#### [Assignment]
Reproduce each entry below in full, exactly as it was given.

#####

lemma win_ext_choi_state:
  assumes "even n" and kraus: "kraus (2 ^ n) (d1 * d2) Ks"
    and B: "\<forall>\<theta>\<in>Theta n. \<forall>b. povm d1 (bitstrings (n div 2)) (B \<theta> b)"
    and C: "\<forall>\<theta>\<in>Theta n. \<forall>b. povm d2 (bitstrings (n div 2)) (C \<theta> b)"
  shows "win_ext n d1 d2 (choi_state (2 ^ n) (d1 * d2) Ks) B C = win_bb84 n d1 d2 Ks B C"
proof -
  define f where "f \<theta> b m = mtrace (kron (B \<theta> b (restr m \<theta> b)) (C \<theta> b (restr m \<theta> b))
    * channel (d1 * d2) Ks (proj (bb84_ket \<theta> m)))" for \<theta> b m
  have choi_term:
    "mtrace (kron (kron (proj (bb84_ket \<theta> m)) (B \<theta> b (restr m \<theta> b))) (C \<theta> b (restr m \<theta> b))
      * choi_state (2 ^ n) (d1 * d2) Ks) = f \<theta> b m / 2 ^ n"
    if "\<theta> \<in> Theta n" "m \<in> bitstrings n" for \<theta> b m
  proof -
    have "length m = length \<theta>" "length \<theta> = n"
      using that by (auto simp: Theta_def bitstrings_def)
    then have ket: "bb84_ket \<theta> m \<in> carrier_mat (2 ^ n) 1"
      using bb84_ket_carrier by blast
    have "restr m \<theta> b \<in> bitstrings (n div 2)"
      using restr_in_bitstrings[OF \<open>even n\<close> that] .
    then have "kron (B \<theta> b (restr m \<theta> b)) (C \<theta> b (restr m \<theta> b))
        \<in> carrier_mat (d1 * d2) (d1 * d2)"
      using B C that by (intro kron_carrier) (auto simp: povm_def)
    from mtrace_kron_choi_state[OF proj_carrier[OF ket] this] kraus
    show ?thesis
      by (simp add: f_def kron_assoc transpose_proj_real_mat real_mat_bb84_ket kraus_def)
  qed
  have "win_ext n d1 d2 (choi_state (2 ^ n) (d1 * d2) Ks) B C =
      (\<Sum>\<theta>\<in>Theta n. \<Sum>b\<in>UNIV. \<Sum>m\<in>bitstrings n. Re (f \<theta> b m) / 2 ^ n)
        / (real (card (Theta n)) * 2)"
    unfolding win_ext_def by (simp add: choi_term)
  also have "\<dots> = win_bb84 n d1 d2 Ks B C"
    unfolding win_bb84_def f_def
    by (simp add: sum.swap[of _ _ "bitstrings n"] sum_divide_distrib[symmetric] mult.assoc)
  finally show ?thesis .
qed

theorem mainTheorem3:
  fixes n d1 d2 :: nat
    and Ks :: "complex mat list"
    and B C :: "bool list \<Rightarrow> bool \<Rightarrow> bool list \<Rightarrow> complex mat"
  assumes "even n"
    and "kraus (2 ^ n) (d1 * d2) Ks"
    and "\<forall>\<theta>\<in>Theta n. \<forall>b. povm d1 (bitstrings (n div 2)) (B \<theta> b)"
    and "\<forall>\<theta>\<in>Theta n. \<forall>b. povm d2 (bitstrings (n div 2)) (C \<theta> b)"
  shows "\<exists>(e1::nat) (e2::nat) (\<rho>::complex mat) (B' :: bool list \<Rightarrow> bool \<Rightarrow> bool list \<Rightarrow> complex mat)
            (C' :: bool list \<Rightarrow> bool \<Rightarrow> bool list \<Rightarrow> complex mat).
           density (2 ^ n * e1 * e2) \<rho> \<and>
           (\<forall>\<theta>\<in>Theta n. \<forall>b. povm e1 (bitstrings (n div 2)) (B' \<theta> b)) \<and>
           (\<forall>\<theta>\<in>Theta n. \<forall>b. povm e2 (bitstrings (n div 2)) (C' \<theta> b)) \<and>
           win_ext n e1 e2 \<rho> B' C' = win_bb84 n d1 d2 Ks B C"
proof -
  have "density (2 ^ n * d1 * d2) (choi_state (2 ^ n) (d1 * d2) Ks)"
    using density_choi_state[OF assms(2)] by (simp add: mult.assoc)
  with win_ext_choi_state[OF assms] assms(3,4) show ?thesis
    by blast
qed

end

#####

#### [Solution]
lemma win_ext_choi_state:
  assumes "even n" and kraus: "kraus (2 ^ n) (d1 * d2) Ks"
    and B: "\<forall>\<theta>\<in>Theta n. \<forall>b. povm d1 (bitstrings (n div 2)) (B \<theta> b)"
    and C: "\<forall>\<theta>\<in>Theta n. \<forall>b. povm d2 (bitstrings (n div 2)) (C \<theta> b)"
  shows "win_ext n d1 d2 (choi_state (2 ^ n) (d1 * d2) Ks) B C = win_bb84 n d1 d2 Ks B C"
proof -
  define f where "f \<theta> b m = mtrace (kron (B \<theta> b (restr m \<theta> b)) (C \<theta> b (restr m \<theta> b))
    * channel (d1 * d2) Ks (proj (bb84_ket \<theta> m)))" for \<theta> b m
  have choi_term:
    "mtrace (kron (kron (proj (bb84_ket \<theta> m)) (B \<theta> b (restr m \<theta> b))) (C \<theta> b (restr m \<theta> b))
      * choi_state (2 ^ n) (d1 * d2) Ks) = f \<theta> b m / 2 ^ n"
    if "\<theta> \<in> Theta n" "m \<in> bitstrings n" for \<theta> b m
  proof -
    have "length m = length \<theta>" "length \<theta> = n"
      using that by (auto simp: Theta_def bitstrings_def)
    then have ket: "bb84_ket \<theta> m \<in> carrier_mat (2 ^ n) 1"
      using bb84_ket_carrier by blast
    have "restr m \<theta> b \<in> bitstrings (n div 2)"
      using restr_in_bitstrings[OF \<open>even n\<close> that] .
    then have "kron (B \<theta> b (restr m \<theta> b)) (C \<theta> b (restr m \<theta> b))
        \<in> carrier_mat (d1 * d2) (d1 * d2)"
      using B C that by (intro kron_carrier) (auto simp: povm_def)
    from mtrace_kron_choi_state[OF proj_carrier[OF ket] this] kraus
    show ?thesis
      by (simp add: f_def kron_assoc transpose_proj_real_mat real_mat_bb84_ket kraus_def)
  qed
  have "win_ext n d1 d2 (choi_state (2 ^ n) (d1 * d2) Ks) B C =
      (\<Sum>\<theta>\<in>Theta n. \<Sum>b\<in>UNIV. \<Sum>m\<in>bitstrings n. Re (f \<theta> b m) / 2 ^ n)
        / (real (card (Theta n)) * 2)"
    unfolding win_ext_def by (simp add: choi_term)
  also have "\<dots> = win_bb84 n d1 d2 Ks B C"
    unfolding win_bb84_def f_def
    by (simp add: sum.swap[of _ _ "bitstrings n"] sum_divide_distrib[symmetric] mult.assoc)
  finally show ?thesis .
qed

theorem mainTheorem3:
  fixes n d1 d2 :: nat
    and Ks :: "complex mat list"
    and B C :: "bool list \<Rightarrow> bool \<Rightarrow> bool list \<Rightarrow> complex mat"
  assumes "even n"
    and "kraus (2 ^ n) (d1 * d2) Ks"
    and "\<forall>\<theta>\<in>Theta n. \<forall>b. povm d1 (bitstrings (n div 2)) (B \<theta> b)"
    and "\<forall>\<theta>\<in>Theta n. \<forall>b. povm d2 (bitstrings (n div 2)) (C \<theta> b)"
  shows "\<exists>(e1::nat) (e2::nat) (\<rho>::complex mat) (B' :: bool list \<Rightarrow> bool \<Rightarrow> bool list \<Rightarrow> complex mat)
            (C' :: bool list \<Rightarrow> bool \<Rightarrow> bool list \<Rightarrow> complex mat).
           density (2 ^ n * e1 * e2) \<rho> \<and>
           (\<forall>\<theta>\<in>Theta n. \<forall>b. povm e1 (bitstrings (n div 2)) (B' \<theta> b)) \<and>
           (\<forall>\<theta>\<in>Theta n. \<forall>b. povm e2 (bitstrings (n div 2)) (C' \<theta> b)) \<and>
           win_ext n e1 e2 \<rho> B' C' = win_bb84 n d1 d2 Ks B C"
proof -
  have "density (2 ^ n * d1 * d2) (choi_state (2 ^ n) (d1 * d2) Ks)"
    using density_choi_state[OF assms(2)] by (simp add: mult.assoc)
  with win_ext_choi_state[OF assms] assms(3,4) show ?thesis
    by blast
qed

end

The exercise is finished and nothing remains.